The Metabolomics Workbench Data Repository is a publicly available resource for metabolomics experimental data collected from mass spectrometry (MS) and nuclear magnetic resonance (NMR) analytical platforms and associated metadata describing sample and analytical details as well as experimental design (Sud et al. 2016). Study-specific experimental data and metadata can be accessed via metabolomics workbench in the form of ‘mwTab’ formatted files as well as through a representational state transfer (REST) interface. The repository currently makes available over 630 individual ‘mwTab’ files from MS- and NMR-based studies, each file having an associated study id (non-unique identifier) and analysis id (unique identifier).
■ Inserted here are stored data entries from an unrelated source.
(* Let $\mathrm{NT}=\{(x_1,x_2,x_3)\in\mathbb{R}^3: 2^kx_1+2\cdot 3^kx_2+5^kx_3\ge 0 \text{ for all integers } k\ge 0\}$ with topological boundary $\partial\mathrm{NT}$. Then for every integer $n\ge 0$, the point $\left(\frac{1}{2^n},-\frac{1}{3^n},\frac{1}{5^n}\right)$ lies in $\partial\mathrm{NT}$.
   Context: $\mathrm{NT}$ is the non-termination set of the loop "while $(x_1+2x_2+x_3\ge 0)$ $\{(x_1,x_2,x_3):=(2x_1,3x_2,5x_3)\}$". *)

theory Defs
  imports "HOL-Analysis.Analysis"
begin

text \<open>Non-termination set of the loop
  while (x1 + 2 x2 + x3 \<ge> 0) do (x1,x2,x3) := (2 x1, 3 x2, 5 x3),
  as a subset of R^3 = real \<times> real \<times> real (product topology = Euclidean).\<close>
definition NT :: "(real \<times> real \<times> real) set" where
  "NT = {(x1, x2, x3). \<forall>k::nat. 2^k * x1 + 2 * 3^k * x2 + 5^k * x3 \<ge> 0}"

end

theory Submission
  imports Defs
begin

(* The point p_n = (1/2^n, -1/3^n, 1/5^n) satisfies the k-th loop guard
   2^k x1 + 2*3^k x2 + 5^k x3 >= 0 with value
     2^m - 2*3^m + 5^m            if k = n + m, and
     1/2^m - 2/3^m + 1/5^m        if n = k + m.
   The first is nonnegative by the AM-GM inequality (3^2 <= 2*5); the second,
   after multiplying by 30^m, is 15^m - 2*10^m + 6^m, nonnegative for m >= 1
   because 15^m already dominates 2*10^m once m >= 2.  Hence p_n lies in NT.
   For k = n the guard value is exactly 0, so lowering the third coordinate by
   any t > 0 leaves NT; p_n is therefore a limit of points outside NT and,
   being in NT itself, lies on its frontier (criterion frontier_straddle). *)

lemma mem_NT_iff:
  "(x1, x2, x3) \<in> NT \<longleftrightarrow> (\<forall>k::nat. 0 \<le> 2^k * x1 + 2 * 3^k * x2 + 5^k * x3)"
  by (simp add: NT_def)

lemma two_mult_le_add_if_sq_le_mult:
  fixes a b c :: real
  assumes "0 \<le> a" "0 \<le> b" "c\<^sup>2 \<le> a * b"
  shows "2 * c \<le> a + b"
proof -
  have "4 * (a * b) \<le> (a + b)\<^sup>2"
    using sum_squares_ge_zero[of "a - b" 0] by (simp add: power2_eq_square algebra_simps)
  with assms(3) have "(2 * c)\<^sup>2 \<le> (a + b)\<^sup>2"
    by (simp add: power_mult_distrib)
  moreover have "0 \<le> a + b" using assms by linarith
  ultimately show ?thesis by (rule power2_le_imp_le)
qed

lemma two_pow_le_add_pow_if_sq_le_mult:
  fixes a b c :: real
  assumes "0 \<le> a" "0 \<le> b" "0 \<le> c" "c\<^sup>2 \<le> a * b"
  shows "2 * c^m \<le> a^m + b^m"
proof (rule two_mult_le_add_if_sq_le_mult)
  have "(c\<^sup>2)^m \<le> (a * b)^m"
    using assms by (intro power_mono) auto
  moreover have "(c^m)\<^sup>2 = (c\<^sup>2)^m"
    by (simp flip: power_mult add: mult.commute)
  ultimately show "(c^m)\<^sup>2 \<le> a^m * b^m"
    by (simp add: power_mult_distrib)
qed (use assms in simp_all)

lemma guard_after_nonneg: "(0::real) \<le> 2^m - 2 * 3^m + 5^m"
  using two_pow_le_add_pow_if_sq_le_mult[of 2 5 3 m] by simp

lemma two_pow_ten_le:
  assumes "1 \<le> m"
  shows "(2::real) * 10^m \<le> 15^m + 6^m"
proof (cases "m = 1")
  case False
  define j where "j = m - 2"
  have m: "m = j + 2" using assms False unfolding j_def by simp
  have "(10::real)^j \<le> 15^j" by (rule power_mono) auto
  moreover have "(2::real) * 10^m = 200 * 10^j" "(15::real)^m = 225 * 15^j"
    by (simp_all add: m power_add)
  moreover have "(0::real) \<le> 15^j" by simp
  ultimately have "(2::real) * 10^m \<le> 15^m" by linarith
  moreover have "(0::real) \<le> 6^m" by simp
  ultimately show ?thesis by linarith
qed simp

lemma guard_before_nonneg:
  assumes "1 \<le> m"
  shows "(0::real) \<le> 1/2^m - 2/3^m + 1/5^m"
proof -
  have "1/2^m - 2/3^m + 1/5^m = (15^m - 2 * 10^m + 6^m) / (30::real)^m"
    by (simp add: field_simps flip: power_mult_distrib)
  then show ?thesis using two_pow_ten_le[OF assms] by simp
qed

lemma point_in_NT: "(1 / 2^n, - (1 / 3^n), 1 / 5^n) \<in> NT"
  unfolding mem_NT_iff
proof
  fix k :: nat
  show "0 \<le> 2^k * (1 / 2^n) + 2 * 3^k * - (1 / 3^n) + 5^k * (1 / (5::real)^n)"
  proof (cases "n \<le> k")
    case True
    then obtain m where "k = n + m" using le_Suc_ex by blast
    then show ?thesis using guard_after_nonneg[of m] by (simp add: power_add)
  next
    case False
    define m where "m = n - k"
    have "n = k + m" "1 \<le> m" using False unfolding m_def by simp_all
    then show ?thesis using guard_before_nonneg[of m] by (simp add: power_add)
  qed
qed

text \<open>The n-th guard is tight at p_n, so lowering the last coordinate leaves NT.\<close>
lemma point_lowered_notin_NT:
  assumes "0 < t"
  shows "(1 / 2^n, - (1 / 3^n), 1 / 5^n - t) \<notin> NT"
proof
  assume "(1 / 2^n, - (1 / 3^n), 1 / 5^n - t) \<in> NT"
  then have "0 \<le> 2^n * (1 / 2^n) + 2 * 3^n * - (1 / 3^n) + 5^n * (1 / 5^n - t :: real)"
    unfolding mem_NT_iff by blast
  then have "0 \<le> - (5^n * t :: real)" by (simp add: algebra_simps)
  moreover have "0 < (5::real)^n * t" using assms by simp
  ultimately show False by linarith
qed

theorem lemma14:
  fixes n :: nat
  shows "(1 / 2^n, - (1 / 3^n), 1 / 5^n) \<in> frontier NT"
  unfolding frontier_straddle
proof (intro allI impI conjI)
  fix e :: real
  assume "0 < e"
  let ?p = "(1 / 2^n, - (1 / 3^n), 1 / 5^n) :: real \<times> real \<times> real"
  let ?q = "(1 / 2^n, - (1 / 3^n), 1 / 5^n - e / 2) :: real \<times> real \<times> real"
  show "\<exists>x\<in>NT. dist ?p x < e"
    using point_in_NT \<open>0 < e\<close> by (intro bexI[of _ ?p]) simp_all
  have "dist ?p ?q = e / 2" using \<open>0 < e\<close> by (simp add: dist_Pair_Pair dist_real_def)
  then show "\<exists>x. x \<notin> NT \<and> dist ?p x < e"
    using point_lowered_notin_NT[of "e / 2" n] \<open>0 < e\<close> by force
qed

end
The metabolomics workbench provides an official data format specification (“mwTab format specification.”—Available at: for the ‘mwTab’ format, which consists of sequentially ordered blocks (sections) of text data. Some of the blocks consist of data represented by ‘single key to single value’ relationships that store single pieces of information. Other blocks consist of multiple ‘tab’-separated values via ‘single key to multiple values’ or ‘multiple keys to multiple values’ relationships that store multiple pieces of information in an organized manner analogous to a relational table.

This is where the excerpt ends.